Using a role class is recommended to go from potencies to d2 values given various stats. Attributes like `main_stat`, `trait`, etc are automatically set to the corresponding values of each role. Rotations are attached using the `attach_rotation()` method, which inherits the `Rotation` class. However, the `rotation_df` argument is similar to the above dataframe, but does have slightly different columns

* `action_name`: str, unique name of an action. Unique action depends on `buffs`, `p_i`, and `l_c` present.
* `base_action`: str, name of an action ignoring buffs. For example, Glare III with chain stratagem and Glare III with mug will have different `action_names`, but the same base_action. Used for grouping actions together.
* `potency`: int, potency of the action
* `n`: int, number of hits for the action. 
* `p_n`: probability of a normal hit.
* `p_c`: probability of a critical hit.
* `p_d`: probability of a direct hit.
* `p_cd`: probability of a critical-direct hit.
* `l_c`: int, damage multiplier for a critical hit.
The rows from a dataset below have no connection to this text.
definition open_el :: "(real^3) set set \<Rightarrow> (real^3) set \<Rightarrow> bool" where
  "open_el L E \<longleftrightarrow> open E \<and> bounded E \<and>
      (\<exists>S. S \<subseteq> L \<and> (\<forall>F\<in>S. lowdim_el L F) \<and> frontier E = \<Union>S)"

definition complex21 :: "(real^3) set \<Rightarrow> bool" where
  "complex21 C \<longleftrightarrow> closed C \<and>
     (\<exists>L. finite L \<and> (\<forall>E\<in>L. lowdim_el L E \<or> open_el L E) \<and> C = \<Union>L)"

definition Extr :: "(real^3) set \<Rightarrow> (real^3) set" where
  "Extr M = {p \<in> M. \<not> (\<exists>a b. (hor_pair a b \<or> vert_pair a b) \<and>
                          open_segment a b \<subseteq> M \<and> p \<in> open_segment a b)}"

definition Kcc :: "(real^3) set \<Rightarrow> (real^3) set" where
  "Kcc K = \<Union>{C. complex21 C \<and> Extr C \<subseteq> K}"

definition convex21 :: "(real^3 \<Rightarrow> real) \<Rightarrow> bool" where
  "convex21 f \<longleftrightarrow>
     (\<forall>x d. d \<noteq> 0 \<and> d$3 = 0 \<longrightarrow> convex_on UNIV (\<lambda>t::real. f (x + t *\<^sub>R d))) \<and>
     (\<forall>x. convex_on UNIV (\<lambda>t::real. f (x + t *\<^sub>R e3)))"

definition Krc :: "(real^3) set \<Rightarrow> (real^3) set" where
  "Krc K = {x. \<forall>f. convex21 f \<longrightarrow> f x \<le> Sup (f ` K)}"

end

theory Submission
  imports Defs
begin

(* A 2+1-convex function is convex along the coordinate axes and bounded on cubes, hence
  locally Lipschitz and in particular continuous, so it attains its maximum on a compact
  2+1-complex C.  Choose a maximiser p farthest from the origin.  If p lay inside an open
  horizontal or vertical segment contained in C, convexity along that segment would make two
  symmetric points p - v, p + v maximisers as well, and by the parallelogram law one of them
  is farther from the origin.  So p is extremal, hence p is in K, and f x <= f p <= sup f(K). *)

definition convex_along :: "('a::real_vector \<Rightarrow> real) \<Rightarrow> 'a \<Rightarrow> bool" where
  "convex_along f d \<longleftrightarrow> (\<forall>x. convex_on UNIV (\<lambda>t. f (x + t *\<^sub>R d)))"

lemma convex_on_UNIV_compose_scale:
  fixes \<phi> :: "real \<Rightarrow> real"
  assumes "convex_on UNIV \<phi>"
  shows "convex_on UNIV (\<lambda>t. \<phi> (c * t))"
proof (rule convex_onI)
  fix t x y :: real
  assume "0 < t" "t < 1"
  then show "\<phi> (c * ((1 - t) *\<^sub>R x + t *\<^sub>R y)) \<le> (1 - t) * \<phi> (c * x) + t * \<phi> (c * y)"
    using convex_onD[OF assms, of t "c * x" "c * y"] by (simp add: algebra_simps)
qed simp

lemma convex_along_scaleR:
  assumes "convex_along f d"
  shows "convex_along f (c *\<^sub>R d)"
  using convex_on_UNIV_compose_scale[of "\<lambda>t. f (x + t *\<^sub>R d)" c for x] assms
  by (simp add: convex_along_def mult.commute)

lemma convex_along_midpoint:
  assumes "convex_along f v"
  shows "2 * f x \<le> f (x - v) + f (x + v)"
  using convex_onD[of UNIV "\<lambda>t. f (x + t *\<^sub>R v)" "1/2" "-1" 1] assms
  by (simp add: convex_along_def)

lemma convex_along_le_max:
  assumes "convex_along f d" "\<bar>t\<bar> \<le> R"
  shows "f (x + t *\<^sub>R d) \<le> max (f (x - R *\<^sub>R d)) (f (x + R *\<^sub>R d))"
proof -
  have "convex_on {-R..R} (\<lambda>t. f (x + t *\<^sub>R d))"
    using assms(1) by (auto simp: convex_along_def intro: convex_on_subset[where T = UNIV])
  from convex_on_le_max[OF this, of t] show ?thesis
    using assms(2) by (simp add: abs_le_iff)
qed

lemma convex_increment_le_nonneg:
  fixes \<phi> :: "real \<Rightarrow> real"
  assumes "convex_on UNIV \<phi>" "\<And>s. \<bar>s\<bar> \<le> 1 \<Longrightarrow> \<bar>\<phi> s\<bar> \<le> B" "0 \<le> t" "t \<le> 1"
  shows "\<bar>\<phi> t - \<phi> 0\<bar> \<le> 2 * B * t"
proof -
  have "\<phi> t \<le> (1 - t) * \<phi> 0 + t * \<phi> 1"
    using convex_onD[OF assms(1), of t 0 1] assms(3,4) by simp
  moreover have "(1 + t) * \<phi> 0 \<le> t * \<phi> (-1) + \<phi> t"
  proof -
    define u where "u = 1 / (1 + t)"
    have "(1 - u) *\<^sub>R (-1) + u *\<^sub>R t = 0" "0 \<le> u" "u \<le> 1"
      using assms(3) by (auto simp: u_def field_simps)
    then have "\<phi> 0 \<le> (1 - u) * \<phi> (-1) + u * \<phi> t"
      using convex_onD[OF assms(1), of u "-1" t] by simp
    moreover have "(1 + t) * u = 1" "1 - u = t * u"
      using assms(3) by (simp_all add: u_def field_simps)
    then have "(1 + t) * ((1 - u) * \<phi> (-1) + u * \<phi> t) = t * \<phi> (-1) + \<phi> t"
      by algebra
    ultimately show ?thesis
      using assms(3) mult_left_mono[of "\<phi> 0" _ "1 + t"] by fastforce
  qed
  moreover have tB: "t * y \<le> t * B" if "\<bar>y\<bar> \<le> B" for y
    using that assms(3) by (simp add: abs_le_iff mult_left_mono)
  ultimately show ?thesis
    using tB[of "\<phi> 1"] tB[of "\<phi> (-1)"] tB[of "- \<phi> 0"]
      assms(2)[of 1] assms(2)[of "-1"] assms(2)[of 0]
    by (simp add: abs_le_iff algebra_simps)
qed

lemma convex_bounded_increment_le:
  fixes \<phi> :: "real \<Rightarrow> real"
  assumes "convex_on UNIV \<phi>" "\<And>s. \<bar>s\<bar> \<le> 1 \<Longrightarrow> \<bar>\<phi> s\<bar> \<le> B" "\<bar>t\<bar> \<le> 1"
  shows "\<bar>\<phi> t - \<phi> 0\<bar> \<le> 2 * B * \<bar>t\<bar>"
proof (cases "0 \<le> t")
  case True
  then show ?thesis
    using convex_increment_le_nonneg[OF assms(1,2)] assms(3) by simp
next
  case False
  have "convex_on UNIV (\<lambda>s. \<phi> (-1 * s))"
    by (rule convex_on_UNIV_compose_scale[OF assms(1)])
  from convex_increment_le_nonneg[OF this, of B "-t"] show ?thesis
    using assms(2,3) False by simp
qed

lemma axis_convex_bounded_above_on_cube:
  fixes f :: "real^'n \<Rightarrow> real"
  assumes "\<And>i. convex_along f (axis i 1)"
  shows "\<exists>B. \<forall>h. (\<forall>i. \<bar>h$i\<bar> \<le> R) \<longrightarrow> f (p + h) \<le> B"
proof -
  define corner :: "('n \<Rightarrow> bool) \<Rightarrow> real^'n" where "corner b = (\<chi> i. if b i then R else -R)" for b
  define B where "B = Max (range (\<lambda>b. f (p + corner b)))"
  have "f (p + h) \<le> B" if "\<forall>i\<in>I. \<bar>h$i\<bar> \<le> R" "\<forall>i\<in>-I. h$i = R \<or> h$i = -R" for I h
    using finite[of I] that
  proof (induction I arbitrary: h rule: finite_induct)
    case empty
    obtain b where "h = corner b"
    proof
      show "h = corner (\<lambda>i. h$i = R)"
      proof (rule vec_eq_iff[THEN iffD2], rule allI)
        fix j
        have "h$j = R \<or> h$j = -R"
          using empty.prems(2) by blast
        then show "h$j = corner (\<lambda>i. h$i = R) $ j"
          by (cases "h$j = R") (simp_all add: corner_def)
      qed
    qed
    then show ?case
      unfolding B_def by (auto intro: Max_ge)
  next
    case (insert i I)
    define h0 where "h0 = h - h$i *\<^sub>R axis i 1"
    have coord: "(h0 + c *\<^sub>R axis i 1)$j = (if j = i then c else h$j)" for c j
      by (simp add: h0_def axis_def)
    have "f (p + (h0 + c *\<^sub>R axis i 1)) \<le> B" if "c = R \<or> c = -R" for c
    proof (rule insert.IH)
      show "\<forall>j\<in>I. \<bar>(h0 + c *\<^sub>R axis i 1)$j\<bar> \<le> R"
        unfolding coord using insert.prems(1) insert.hyps(2) by auto
      show "\<forall>j\<in>-I. (h0 + c *\<^sub>R axis i 1)$j = R \<or> (h0 + c *\<^sub>R axis i 1)$j = -R"
        unfolding coord using that insert.prems(2) by auto
    qed
    from this[of R] this[of "-R"]
    have "max (f (p + h0 - R *\<^sub>R axis i 1)) (f (p + h0 + R *\<^sub>R axis i 1)) \<le> B"
      by (simp add: add.assoc add_diff_eq)
    moreover have "f (p + h) \<le> max (f (p + h0 - R *\<^sub>R axis i 1)) (f (p + h0 + R *\<^sub>R axis i 1))"
      using convex_along_le_max[of f "axis i 1" "h$i" R "p + h0"] assms insert.prems
      by (simp add: h0_def)
    ultimately show ?case by linarith
  qed
  from this[of UNIV] show ?thesis by auto
qed

lemma axis_convex_increment_bound:
  fixes f :: "real^'n \<Rightarrow> real"
  assumes "\<And>i. convex_along f (axis i 1)"
    and "\<And>h. \<forall>i. \<bar>h$i\<bar> \<le> 1 \<Longrightarrow> \<bar>f (p + h)\<bar> \<le> B"
    and "\<forall>i. \<bar>h$i\<bar> \<le> 1"
  shows "\<bar>f (p + h) - f p\<bar> \<le> 2 * B * (\<Sum>i\<in>UNIV. \<bar>h$i\<bar>)"
proof -
  have "\<bar>f (p + h) - f p\<bar> \<le> 2 * B * (\<Sum>i\<in>I. \<bar>h$i\<bar>)" if "\<forall>i\<in>-I. h$i = 0" "\<forall>i. \<bar>h$i\<bar> \<le> 1" for I h
    using finite[of I] that
  proof (induction I arbitrary: h rule: finite_induct)
    case empty
    have "h = 0"
      using empty.prems(1) by (simp add: vec_eq_iff)
    then show ?case by simp
  next
    case (insert i I)
    define h0 where "h0 = h - h$i *\<^sub>R axis i 1"
    have coord: "(h0 + c *\<^sub>R axis i 1)$j = (if j = i then c else h$j)" for c j
      by (simp add: h0_def axis_def)
    have "\<bar>f (p + h0 + h$i *\<^sub>R axis i 1) - f (p + h0)\<bar> \<le> 2 * B * \<bar>h$i\<bar>"
    proof (rule convex_bounded_increment_le[of "\<lambda>s. f (p + h0 + s *\<^sub>R axis i 1)", simplified])
      show "convex_on UNIV (\<lambda>s. f (p + h0 + s *\<^sub>R axis i 1))"
        using assms(1) by (simp add: convex_along_def)
      show "\<bar>f (p + h0 + s *\<^sub>R axis i 1)\<bar> \<le> B" if "\<bar>s\<bar> \<le> 1" for s
      proof -
        have "\<forall>j. \<bar>(h0 + s *\<^sub>R axis i 1)$j\<bar> \<le> 1"
          unfolding coord using that insert.prems(2) by simp
        from assms(2)[OF this] show ?thesis
          by (simp add: add.assoc)
      qed
      show "\<bar>h$i\<bar> \<le> 1"
        using insert.prems(2) by blast
    qed
    moreover have "\<bar>f (p + h0) - f p\<bar> \<le> 2 * B * (\<Sum>j\<in>I. \<bar>h$j\<bar>)"
    proof -
      have h0_coord: "h0$j = (if j = i then 0 else h$j)" for j
        using coord[of 0 j] by simp
      have "(\<Sum>j\<in>I. \<bar>h0$j\<bar>) = (\<Sum>j\<in>I. \<bar>h$j\<bar>)"
        using insert.hyps(2) by (intro sum.cong) (auto simp: h0_coord)
      moreover have "\<forall>j\<in>-I. h0$j = 0" "\<forall>j. \<bar>h0$j\<bar> \<le> 1"
        using insert.prems by (auto simp: h0_coord)
      ultimately show ?thesis
        using insert.IH[of h0] by simp
    qed
    moreover have "f (p + h) = f (p + h0 + h$i *\<^sub>R axis i 1)"
      by (simp add: h0_def)
    ultimately show ?case
      unfolding sum.insert[OF insert.hyps] abs_le_iff distrib_left by linarith
  qed
  from this[of UNIV] show ?thesis
    using assms(3) by simp
qed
Value should be in the thousands (1250 -> 125% crit buff).
* `buffs`: Total buff strength, or a list of buffs. A 10% buff should be represented as 1.1. A 5% and 10% buff can be represented as either 1.155 or [1.05, 1.10], but the former is preferred. Saving a dataframe with array columns can be finnicky.
* `damage_type`: str saying the type of damage, {'direct', 'magic-dot', 'physical-dot', 'auto', 'pet'} 
* `main_stat_add`: int, how much to add to the main stat (used to account for medication, if present) when computing d2

Instead of a `d2` column, `potency`, `damage_type`, and `main-stat-add` are used together with player stats to compute and add a `d2` column (along with the `is-dot` column). 

### Examples

Check out `examples/` for some basic usages.

### Installation

`ffxiv_stats` can be installed from source using [flit](https://flit.pypa.io/en/stable/). While in the root directory, use the command

```sh
flit install
```

Alternatively, the package can also be installed with pip.

```
pip install ffxiv_stats
```

### Requirements

The usual scientific computing stack is used:

* numpy >= 1.20.2
* matplotlib >= 3.4.2
* pandas >= 2.0.0
* scipy >= 1.6.3

Aside from `pandas`, specific versions haven't been tested, but `ffxiv_stats` will probably work with lower versions since fairly basic functionalities are used. There are some typing updates present in `pandas` 2.0.0 which do not have backwards compatibility.